### Exercise prompt
Go through the listing below and report how many lines contain the word "cutp"; write no other words.

### Provided records
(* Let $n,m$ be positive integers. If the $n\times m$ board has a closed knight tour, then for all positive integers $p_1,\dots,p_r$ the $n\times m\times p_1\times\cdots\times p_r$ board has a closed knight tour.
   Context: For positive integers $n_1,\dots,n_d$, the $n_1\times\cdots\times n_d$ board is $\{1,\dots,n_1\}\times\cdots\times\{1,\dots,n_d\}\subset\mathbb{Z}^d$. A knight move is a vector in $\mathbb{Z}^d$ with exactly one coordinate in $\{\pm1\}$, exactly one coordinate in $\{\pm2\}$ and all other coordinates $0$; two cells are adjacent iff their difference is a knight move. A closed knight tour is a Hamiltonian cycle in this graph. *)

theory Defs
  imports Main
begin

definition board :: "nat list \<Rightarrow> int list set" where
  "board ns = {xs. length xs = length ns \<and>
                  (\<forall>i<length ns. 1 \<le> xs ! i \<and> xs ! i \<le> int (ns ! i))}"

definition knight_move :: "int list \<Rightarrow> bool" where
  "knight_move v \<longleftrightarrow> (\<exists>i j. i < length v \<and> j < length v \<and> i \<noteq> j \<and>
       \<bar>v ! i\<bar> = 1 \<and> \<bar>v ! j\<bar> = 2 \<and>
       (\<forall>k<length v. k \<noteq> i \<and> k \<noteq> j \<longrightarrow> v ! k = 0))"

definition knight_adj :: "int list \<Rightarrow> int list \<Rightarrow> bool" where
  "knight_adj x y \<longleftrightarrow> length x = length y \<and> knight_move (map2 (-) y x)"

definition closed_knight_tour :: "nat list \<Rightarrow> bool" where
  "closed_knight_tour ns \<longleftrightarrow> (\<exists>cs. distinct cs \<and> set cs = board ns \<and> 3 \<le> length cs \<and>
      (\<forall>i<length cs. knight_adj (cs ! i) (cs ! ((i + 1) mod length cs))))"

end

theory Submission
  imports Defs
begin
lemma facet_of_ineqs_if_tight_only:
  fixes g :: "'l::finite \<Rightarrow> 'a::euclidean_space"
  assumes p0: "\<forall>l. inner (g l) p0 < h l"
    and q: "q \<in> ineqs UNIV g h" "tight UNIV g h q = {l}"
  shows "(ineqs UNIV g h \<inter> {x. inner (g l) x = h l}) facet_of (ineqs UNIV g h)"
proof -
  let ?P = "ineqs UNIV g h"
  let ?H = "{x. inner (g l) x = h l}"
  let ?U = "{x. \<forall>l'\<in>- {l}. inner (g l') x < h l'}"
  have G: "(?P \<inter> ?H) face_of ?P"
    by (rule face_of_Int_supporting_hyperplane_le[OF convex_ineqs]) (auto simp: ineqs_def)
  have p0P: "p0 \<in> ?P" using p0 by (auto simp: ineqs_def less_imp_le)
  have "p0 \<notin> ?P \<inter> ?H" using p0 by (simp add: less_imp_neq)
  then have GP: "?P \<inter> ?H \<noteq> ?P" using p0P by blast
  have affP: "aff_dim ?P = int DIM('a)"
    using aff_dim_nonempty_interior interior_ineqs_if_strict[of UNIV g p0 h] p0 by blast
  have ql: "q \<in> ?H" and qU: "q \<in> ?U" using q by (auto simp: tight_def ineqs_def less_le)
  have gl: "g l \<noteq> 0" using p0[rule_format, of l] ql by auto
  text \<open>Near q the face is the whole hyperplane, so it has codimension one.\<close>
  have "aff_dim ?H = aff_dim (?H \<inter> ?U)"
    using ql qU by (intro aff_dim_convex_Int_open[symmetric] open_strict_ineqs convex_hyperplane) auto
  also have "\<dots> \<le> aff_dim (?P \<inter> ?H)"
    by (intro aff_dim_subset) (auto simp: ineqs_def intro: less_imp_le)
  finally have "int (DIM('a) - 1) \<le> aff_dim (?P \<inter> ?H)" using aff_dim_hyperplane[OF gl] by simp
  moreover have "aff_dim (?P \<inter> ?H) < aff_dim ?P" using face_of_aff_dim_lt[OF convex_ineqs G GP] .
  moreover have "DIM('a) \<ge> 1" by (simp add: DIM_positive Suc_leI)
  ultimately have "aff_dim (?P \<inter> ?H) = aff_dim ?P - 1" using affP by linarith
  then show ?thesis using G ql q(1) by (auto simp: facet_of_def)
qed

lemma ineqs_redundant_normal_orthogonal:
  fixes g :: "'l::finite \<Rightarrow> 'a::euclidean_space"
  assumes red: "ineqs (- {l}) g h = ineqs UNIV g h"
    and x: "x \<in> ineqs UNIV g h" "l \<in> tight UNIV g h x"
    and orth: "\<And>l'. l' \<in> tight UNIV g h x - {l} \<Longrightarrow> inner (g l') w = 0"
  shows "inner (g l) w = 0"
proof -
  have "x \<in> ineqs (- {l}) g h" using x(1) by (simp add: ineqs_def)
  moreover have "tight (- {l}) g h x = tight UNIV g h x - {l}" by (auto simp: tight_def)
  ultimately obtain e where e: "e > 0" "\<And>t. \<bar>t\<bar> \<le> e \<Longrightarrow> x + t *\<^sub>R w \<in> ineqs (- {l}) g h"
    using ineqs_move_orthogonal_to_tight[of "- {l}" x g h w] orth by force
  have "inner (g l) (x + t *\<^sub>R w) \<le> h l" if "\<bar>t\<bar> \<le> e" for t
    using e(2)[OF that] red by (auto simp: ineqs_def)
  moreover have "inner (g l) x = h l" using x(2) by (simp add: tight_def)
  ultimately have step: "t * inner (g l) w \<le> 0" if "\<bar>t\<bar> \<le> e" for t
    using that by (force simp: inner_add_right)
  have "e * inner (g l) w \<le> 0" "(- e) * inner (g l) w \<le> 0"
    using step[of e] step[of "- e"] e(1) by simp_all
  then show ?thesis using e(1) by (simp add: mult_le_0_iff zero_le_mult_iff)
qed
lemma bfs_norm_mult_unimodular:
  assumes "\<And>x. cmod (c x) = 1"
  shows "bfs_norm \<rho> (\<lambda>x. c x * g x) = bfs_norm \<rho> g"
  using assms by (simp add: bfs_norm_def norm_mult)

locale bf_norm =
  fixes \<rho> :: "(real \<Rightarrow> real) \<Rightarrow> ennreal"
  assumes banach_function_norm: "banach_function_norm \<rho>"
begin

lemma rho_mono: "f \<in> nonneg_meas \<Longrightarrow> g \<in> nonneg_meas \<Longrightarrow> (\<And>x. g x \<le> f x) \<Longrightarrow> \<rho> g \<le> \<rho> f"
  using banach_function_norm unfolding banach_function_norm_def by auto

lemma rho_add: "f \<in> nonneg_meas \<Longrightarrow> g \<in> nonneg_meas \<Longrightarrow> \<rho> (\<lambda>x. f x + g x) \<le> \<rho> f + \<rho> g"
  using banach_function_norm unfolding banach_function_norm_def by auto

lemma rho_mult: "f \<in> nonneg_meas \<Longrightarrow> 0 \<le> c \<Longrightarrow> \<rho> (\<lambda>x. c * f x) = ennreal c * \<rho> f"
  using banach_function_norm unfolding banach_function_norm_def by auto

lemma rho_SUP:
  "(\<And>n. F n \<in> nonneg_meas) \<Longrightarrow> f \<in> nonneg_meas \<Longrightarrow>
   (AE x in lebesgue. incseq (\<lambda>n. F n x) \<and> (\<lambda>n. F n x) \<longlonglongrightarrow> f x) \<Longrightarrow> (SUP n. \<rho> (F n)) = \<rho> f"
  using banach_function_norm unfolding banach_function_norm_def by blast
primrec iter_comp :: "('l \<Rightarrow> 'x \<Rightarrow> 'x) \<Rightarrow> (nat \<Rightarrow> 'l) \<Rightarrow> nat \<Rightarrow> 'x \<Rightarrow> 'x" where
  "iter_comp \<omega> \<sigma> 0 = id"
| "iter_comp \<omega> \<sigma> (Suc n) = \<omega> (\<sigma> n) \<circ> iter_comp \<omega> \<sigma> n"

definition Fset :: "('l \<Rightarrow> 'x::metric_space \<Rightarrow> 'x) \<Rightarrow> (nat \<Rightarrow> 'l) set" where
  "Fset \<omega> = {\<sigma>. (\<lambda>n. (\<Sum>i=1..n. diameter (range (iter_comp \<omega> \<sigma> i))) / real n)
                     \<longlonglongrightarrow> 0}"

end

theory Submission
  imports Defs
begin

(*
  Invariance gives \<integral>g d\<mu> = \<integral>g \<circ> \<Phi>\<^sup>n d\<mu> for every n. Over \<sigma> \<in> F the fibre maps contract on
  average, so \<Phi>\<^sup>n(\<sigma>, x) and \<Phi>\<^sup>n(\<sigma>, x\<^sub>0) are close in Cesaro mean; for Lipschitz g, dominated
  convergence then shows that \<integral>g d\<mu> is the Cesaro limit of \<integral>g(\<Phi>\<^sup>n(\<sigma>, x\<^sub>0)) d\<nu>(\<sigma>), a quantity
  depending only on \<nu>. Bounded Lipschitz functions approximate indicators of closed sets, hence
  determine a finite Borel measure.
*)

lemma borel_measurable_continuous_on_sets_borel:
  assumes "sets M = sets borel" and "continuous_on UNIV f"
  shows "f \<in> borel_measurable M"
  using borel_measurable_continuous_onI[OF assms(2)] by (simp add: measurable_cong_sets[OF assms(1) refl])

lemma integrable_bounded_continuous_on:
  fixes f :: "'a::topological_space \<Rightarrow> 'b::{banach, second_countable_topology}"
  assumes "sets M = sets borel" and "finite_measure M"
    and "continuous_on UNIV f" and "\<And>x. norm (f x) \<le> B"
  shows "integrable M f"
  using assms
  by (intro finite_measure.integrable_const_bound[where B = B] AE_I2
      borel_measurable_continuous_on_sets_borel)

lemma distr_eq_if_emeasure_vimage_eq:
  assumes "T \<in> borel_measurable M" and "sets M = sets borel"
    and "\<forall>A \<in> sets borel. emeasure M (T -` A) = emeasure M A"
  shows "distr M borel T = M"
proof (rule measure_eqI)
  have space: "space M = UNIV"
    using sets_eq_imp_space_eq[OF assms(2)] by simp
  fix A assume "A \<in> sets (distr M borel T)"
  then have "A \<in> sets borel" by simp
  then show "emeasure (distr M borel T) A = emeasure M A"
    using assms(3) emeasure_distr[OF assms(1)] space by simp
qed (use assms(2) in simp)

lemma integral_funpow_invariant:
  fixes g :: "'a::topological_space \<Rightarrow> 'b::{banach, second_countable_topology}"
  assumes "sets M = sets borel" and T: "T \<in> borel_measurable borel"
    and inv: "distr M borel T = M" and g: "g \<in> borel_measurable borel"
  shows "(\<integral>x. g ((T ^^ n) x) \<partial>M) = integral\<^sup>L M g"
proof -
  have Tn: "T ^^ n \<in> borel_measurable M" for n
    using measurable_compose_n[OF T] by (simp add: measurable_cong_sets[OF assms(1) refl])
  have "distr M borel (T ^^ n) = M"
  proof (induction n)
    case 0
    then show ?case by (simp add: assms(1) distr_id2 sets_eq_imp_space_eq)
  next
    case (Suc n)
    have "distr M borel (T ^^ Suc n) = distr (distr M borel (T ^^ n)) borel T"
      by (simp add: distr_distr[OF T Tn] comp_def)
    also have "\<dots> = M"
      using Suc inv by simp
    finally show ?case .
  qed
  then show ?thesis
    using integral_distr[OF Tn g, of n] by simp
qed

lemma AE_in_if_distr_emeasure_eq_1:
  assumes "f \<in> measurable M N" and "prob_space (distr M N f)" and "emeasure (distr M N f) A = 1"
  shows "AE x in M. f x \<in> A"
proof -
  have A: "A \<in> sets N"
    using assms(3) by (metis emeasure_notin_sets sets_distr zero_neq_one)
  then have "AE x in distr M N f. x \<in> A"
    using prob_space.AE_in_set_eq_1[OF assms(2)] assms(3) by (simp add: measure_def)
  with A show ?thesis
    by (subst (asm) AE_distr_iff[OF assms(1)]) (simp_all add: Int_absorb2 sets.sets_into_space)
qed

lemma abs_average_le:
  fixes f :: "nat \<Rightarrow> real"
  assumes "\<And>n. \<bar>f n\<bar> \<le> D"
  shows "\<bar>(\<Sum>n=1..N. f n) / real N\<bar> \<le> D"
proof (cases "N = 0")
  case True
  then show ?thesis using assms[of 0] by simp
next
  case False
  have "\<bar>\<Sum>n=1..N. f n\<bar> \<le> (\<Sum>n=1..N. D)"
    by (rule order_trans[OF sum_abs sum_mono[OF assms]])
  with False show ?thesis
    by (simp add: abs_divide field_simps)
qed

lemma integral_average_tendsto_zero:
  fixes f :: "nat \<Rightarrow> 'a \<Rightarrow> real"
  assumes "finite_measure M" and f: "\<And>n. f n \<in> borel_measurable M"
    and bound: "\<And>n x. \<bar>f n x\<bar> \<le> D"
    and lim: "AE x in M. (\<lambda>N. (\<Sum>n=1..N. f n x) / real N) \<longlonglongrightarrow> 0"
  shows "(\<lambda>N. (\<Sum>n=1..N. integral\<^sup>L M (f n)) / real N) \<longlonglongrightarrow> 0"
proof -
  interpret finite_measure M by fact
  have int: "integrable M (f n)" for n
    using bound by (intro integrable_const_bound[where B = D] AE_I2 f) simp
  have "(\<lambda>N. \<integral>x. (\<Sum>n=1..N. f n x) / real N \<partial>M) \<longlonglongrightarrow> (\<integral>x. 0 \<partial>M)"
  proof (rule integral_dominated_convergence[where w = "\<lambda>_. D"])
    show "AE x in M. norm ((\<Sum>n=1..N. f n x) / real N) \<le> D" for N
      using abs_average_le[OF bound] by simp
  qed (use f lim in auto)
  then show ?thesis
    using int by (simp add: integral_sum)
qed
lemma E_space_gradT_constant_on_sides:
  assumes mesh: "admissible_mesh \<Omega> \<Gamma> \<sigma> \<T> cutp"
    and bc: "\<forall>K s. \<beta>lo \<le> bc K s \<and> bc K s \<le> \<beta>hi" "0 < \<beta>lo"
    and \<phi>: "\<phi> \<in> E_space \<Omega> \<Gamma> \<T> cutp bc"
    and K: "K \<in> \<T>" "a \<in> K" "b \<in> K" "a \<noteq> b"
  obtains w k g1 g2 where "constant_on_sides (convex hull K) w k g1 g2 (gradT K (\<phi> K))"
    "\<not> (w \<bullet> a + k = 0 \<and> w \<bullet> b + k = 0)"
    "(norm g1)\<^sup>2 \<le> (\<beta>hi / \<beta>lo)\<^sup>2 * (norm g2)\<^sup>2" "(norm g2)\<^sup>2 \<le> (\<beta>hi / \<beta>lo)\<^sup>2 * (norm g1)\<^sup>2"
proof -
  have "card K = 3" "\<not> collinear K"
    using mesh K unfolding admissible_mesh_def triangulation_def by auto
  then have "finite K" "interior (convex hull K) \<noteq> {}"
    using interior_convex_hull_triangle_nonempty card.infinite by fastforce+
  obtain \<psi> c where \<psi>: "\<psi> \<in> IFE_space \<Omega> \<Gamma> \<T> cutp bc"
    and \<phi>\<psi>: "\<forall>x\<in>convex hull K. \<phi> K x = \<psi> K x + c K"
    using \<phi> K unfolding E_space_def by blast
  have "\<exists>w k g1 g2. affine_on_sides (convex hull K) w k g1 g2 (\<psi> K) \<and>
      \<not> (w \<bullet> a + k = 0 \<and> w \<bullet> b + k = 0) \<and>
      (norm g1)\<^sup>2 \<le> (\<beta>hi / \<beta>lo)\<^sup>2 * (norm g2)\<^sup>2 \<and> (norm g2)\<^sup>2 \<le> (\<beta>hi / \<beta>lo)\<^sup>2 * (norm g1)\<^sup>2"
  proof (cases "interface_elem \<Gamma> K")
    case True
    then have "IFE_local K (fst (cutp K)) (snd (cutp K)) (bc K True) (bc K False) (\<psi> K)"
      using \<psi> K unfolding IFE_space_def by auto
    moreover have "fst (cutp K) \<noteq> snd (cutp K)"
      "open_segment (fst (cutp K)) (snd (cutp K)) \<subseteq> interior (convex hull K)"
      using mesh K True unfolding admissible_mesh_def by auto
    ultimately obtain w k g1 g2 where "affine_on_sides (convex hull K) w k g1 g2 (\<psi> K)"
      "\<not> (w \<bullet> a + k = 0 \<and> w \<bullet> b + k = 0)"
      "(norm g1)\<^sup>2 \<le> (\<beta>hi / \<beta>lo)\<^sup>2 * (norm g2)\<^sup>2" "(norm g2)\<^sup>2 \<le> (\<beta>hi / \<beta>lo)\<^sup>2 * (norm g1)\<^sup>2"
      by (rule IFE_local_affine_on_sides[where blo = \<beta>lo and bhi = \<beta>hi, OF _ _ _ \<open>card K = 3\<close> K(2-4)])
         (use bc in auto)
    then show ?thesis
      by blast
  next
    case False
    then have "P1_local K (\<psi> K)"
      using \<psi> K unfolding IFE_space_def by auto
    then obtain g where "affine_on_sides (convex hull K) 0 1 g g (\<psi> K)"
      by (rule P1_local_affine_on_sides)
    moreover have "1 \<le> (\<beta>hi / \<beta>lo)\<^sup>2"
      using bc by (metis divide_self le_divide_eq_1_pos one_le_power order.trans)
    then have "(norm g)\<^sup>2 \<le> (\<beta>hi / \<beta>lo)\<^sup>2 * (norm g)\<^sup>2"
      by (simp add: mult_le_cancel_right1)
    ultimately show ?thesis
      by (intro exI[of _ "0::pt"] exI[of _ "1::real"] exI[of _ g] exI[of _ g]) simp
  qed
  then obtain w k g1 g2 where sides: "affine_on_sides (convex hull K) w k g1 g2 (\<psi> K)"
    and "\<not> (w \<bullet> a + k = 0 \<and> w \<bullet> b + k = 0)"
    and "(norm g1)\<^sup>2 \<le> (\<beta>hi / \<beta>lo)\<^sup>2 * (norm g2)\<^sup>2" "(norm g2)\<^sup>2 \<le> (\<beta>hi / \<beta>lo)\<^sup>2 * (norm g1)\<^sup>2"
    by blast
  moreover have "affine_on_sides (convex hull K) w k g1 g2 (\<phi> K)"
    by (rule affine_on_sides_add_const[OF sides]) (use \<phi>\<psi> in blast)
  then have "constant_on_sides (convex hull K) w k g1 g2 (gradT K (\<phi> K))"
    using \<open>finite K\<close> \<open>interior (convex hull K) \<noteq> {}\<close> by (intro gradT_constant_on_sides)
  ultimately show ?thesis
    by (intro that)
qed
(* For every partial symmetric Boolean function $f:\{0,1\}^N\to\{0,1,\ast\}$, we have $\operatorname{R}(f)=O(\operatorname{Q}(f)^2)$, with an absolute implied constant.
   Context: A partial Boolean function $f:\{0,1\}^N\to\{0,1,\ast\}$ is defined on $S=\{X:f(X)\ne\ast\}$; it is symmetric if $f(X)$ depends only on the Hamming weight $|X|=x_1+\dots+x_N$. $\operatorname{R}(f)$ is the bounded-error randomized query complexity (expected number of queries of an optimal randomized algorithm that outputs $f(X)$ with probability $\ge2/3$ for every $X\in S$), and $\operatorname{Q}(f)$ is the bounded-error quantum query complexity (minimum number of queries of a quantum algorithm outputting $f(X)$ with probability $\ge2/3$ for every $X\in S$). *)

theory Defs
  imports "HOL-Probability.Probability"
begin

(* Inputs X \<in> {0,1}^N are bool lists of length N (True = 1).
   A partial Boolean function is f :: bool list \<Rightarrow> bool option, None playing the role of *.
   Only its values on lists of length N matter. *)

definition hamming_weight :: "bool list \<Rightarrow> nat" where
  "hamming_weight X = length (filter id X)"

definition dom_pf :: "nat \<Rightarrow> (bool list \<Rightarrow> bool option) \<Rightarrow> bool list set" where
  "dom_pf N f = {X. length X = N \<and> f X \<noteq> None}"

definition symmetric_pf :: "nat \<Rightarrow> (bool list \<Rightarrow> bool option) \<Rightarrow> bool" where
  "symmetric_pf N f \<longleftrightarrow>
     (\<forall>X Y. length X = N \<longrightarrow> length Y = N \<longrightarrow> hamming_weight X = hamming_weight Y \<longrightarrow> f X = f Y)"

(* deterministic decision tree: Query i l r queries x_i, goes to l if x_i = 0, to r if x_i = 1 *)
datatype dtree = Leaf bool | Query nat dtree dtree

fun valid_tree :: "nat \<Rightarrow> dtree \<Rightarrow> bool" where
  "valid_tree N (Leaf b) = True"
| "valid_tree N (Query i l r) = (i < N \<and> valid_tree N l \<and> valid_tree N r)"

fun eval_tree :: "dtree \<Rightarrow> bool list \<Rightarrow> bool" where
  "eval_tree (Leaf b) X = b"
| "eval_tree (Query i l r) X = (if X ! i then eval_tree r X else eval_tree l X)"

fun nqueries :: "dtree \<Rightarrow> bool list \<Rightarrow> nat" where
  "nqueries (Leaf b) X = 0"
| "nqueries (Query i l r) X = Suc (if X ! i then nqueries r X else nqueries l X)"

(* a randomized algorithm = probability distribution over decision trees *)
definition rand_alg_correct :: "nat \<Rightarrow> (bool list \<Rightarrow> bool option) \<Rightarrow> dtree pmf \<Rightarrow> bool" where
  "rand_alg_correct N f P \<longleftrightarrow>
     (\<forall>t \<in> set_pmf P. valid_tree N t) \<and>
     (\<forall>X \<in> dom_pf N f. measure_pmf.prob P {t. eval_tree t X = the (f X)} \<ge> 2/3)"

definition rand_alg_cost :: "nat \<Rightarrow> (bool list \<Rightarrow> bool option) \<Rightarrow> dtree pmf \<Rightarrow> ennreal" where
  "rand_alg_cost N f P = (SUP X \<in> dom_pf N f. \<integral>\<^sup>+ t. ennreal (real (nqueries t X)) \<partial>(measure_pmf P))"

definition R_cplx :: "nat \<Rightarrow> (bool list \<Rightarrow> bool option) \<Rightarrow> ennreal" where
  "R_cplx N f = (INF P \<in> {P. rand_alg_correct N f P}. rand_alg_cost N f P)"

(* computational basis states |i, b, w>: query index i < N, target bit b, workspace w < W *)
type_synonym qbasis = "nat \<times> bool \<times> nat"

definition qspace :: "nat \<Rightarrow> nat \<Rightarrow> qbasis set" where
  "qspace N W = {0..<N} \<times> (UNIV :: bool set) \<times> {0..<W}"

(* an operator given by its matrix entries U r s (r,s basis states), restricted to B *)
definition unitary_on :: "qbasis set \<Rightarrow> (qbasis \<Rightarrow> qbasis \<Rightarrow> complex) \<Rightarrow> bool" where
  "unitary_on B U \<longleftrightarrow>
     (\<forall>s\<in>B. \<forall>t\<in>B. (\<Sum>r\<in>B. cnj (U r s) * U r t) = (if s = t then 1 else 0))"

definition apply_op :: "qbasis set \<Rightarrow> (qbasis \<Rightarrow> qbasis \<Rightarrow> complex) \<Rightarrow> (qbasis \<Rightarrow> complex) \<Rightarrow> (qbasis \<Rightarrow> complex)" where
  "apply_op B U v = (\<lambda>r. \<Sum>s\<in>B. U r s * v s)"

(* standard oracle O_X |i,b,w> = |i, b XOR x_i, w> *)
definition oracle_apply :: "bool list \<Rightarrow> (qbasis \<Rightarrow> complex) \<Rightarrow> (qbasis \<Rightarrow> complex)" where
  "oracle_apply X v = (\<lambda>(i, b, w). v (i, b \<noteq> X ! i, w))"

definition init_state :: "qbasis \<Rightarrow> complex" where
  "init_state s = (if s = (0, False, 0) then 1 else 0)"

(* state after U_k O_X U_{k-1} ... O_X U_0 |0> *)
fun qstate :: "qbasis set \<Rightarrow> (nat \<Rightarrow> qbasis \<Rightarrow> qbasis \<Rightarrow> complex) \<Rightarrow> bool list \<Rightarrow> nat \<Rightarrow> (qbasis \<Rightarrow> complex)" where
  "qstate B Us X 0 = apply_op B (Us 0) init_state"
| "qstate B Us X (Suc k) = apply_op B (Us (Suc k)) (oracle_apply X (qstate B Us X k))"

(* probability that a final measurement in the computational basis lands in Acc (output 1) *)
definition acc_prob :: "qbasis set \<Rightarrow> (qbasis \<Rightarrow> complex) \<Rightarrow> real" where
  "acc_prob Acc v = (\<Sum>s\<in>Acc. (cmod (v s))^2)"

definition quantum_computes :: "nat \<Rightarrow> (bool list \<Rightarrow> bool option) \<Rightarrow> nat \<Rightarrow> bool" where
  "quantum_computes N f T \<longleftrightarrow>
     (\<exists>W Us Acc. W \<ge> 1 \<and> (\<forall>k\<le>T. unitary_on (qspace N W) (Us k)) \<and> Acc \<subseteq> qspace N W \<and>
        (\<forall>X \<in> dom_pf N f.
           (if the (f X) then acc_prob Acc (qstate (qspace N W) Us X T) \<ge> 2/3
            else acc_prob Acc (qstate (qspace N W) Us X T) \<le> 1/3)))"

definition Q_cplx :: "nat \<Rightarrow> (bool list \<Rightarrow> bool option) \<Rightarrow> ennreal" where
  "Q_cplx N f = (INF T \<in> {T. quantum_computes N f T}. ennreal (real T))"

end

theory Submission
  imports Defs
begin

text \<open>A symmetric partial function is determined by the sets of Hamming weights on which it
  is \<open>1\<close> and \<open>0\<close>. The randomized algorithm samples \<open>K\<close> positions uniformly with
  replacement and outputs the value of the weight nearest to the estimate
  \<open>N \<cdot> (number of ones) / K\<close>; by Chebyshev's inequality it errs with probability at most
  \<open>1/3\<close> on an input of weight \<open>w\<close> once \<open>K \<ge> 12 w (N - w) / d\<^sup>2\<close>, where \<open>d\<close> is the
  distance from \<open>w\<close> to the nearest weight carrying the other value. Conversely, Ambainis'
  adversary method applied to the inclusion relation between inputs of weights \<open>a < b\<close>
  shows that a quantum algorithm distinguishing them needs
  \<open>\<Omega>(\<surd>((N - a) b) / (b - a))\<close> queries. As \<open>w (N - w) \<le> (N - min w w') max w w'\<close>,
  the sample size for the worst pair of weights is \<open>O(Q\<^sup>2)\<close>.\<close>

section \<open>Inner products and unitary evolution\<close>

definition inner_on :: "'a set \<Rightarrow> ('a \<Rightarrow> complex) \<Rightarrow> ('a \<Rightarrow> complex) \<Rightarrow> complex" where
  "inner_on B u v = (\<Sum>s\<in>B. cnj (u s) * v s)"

### Your solution
6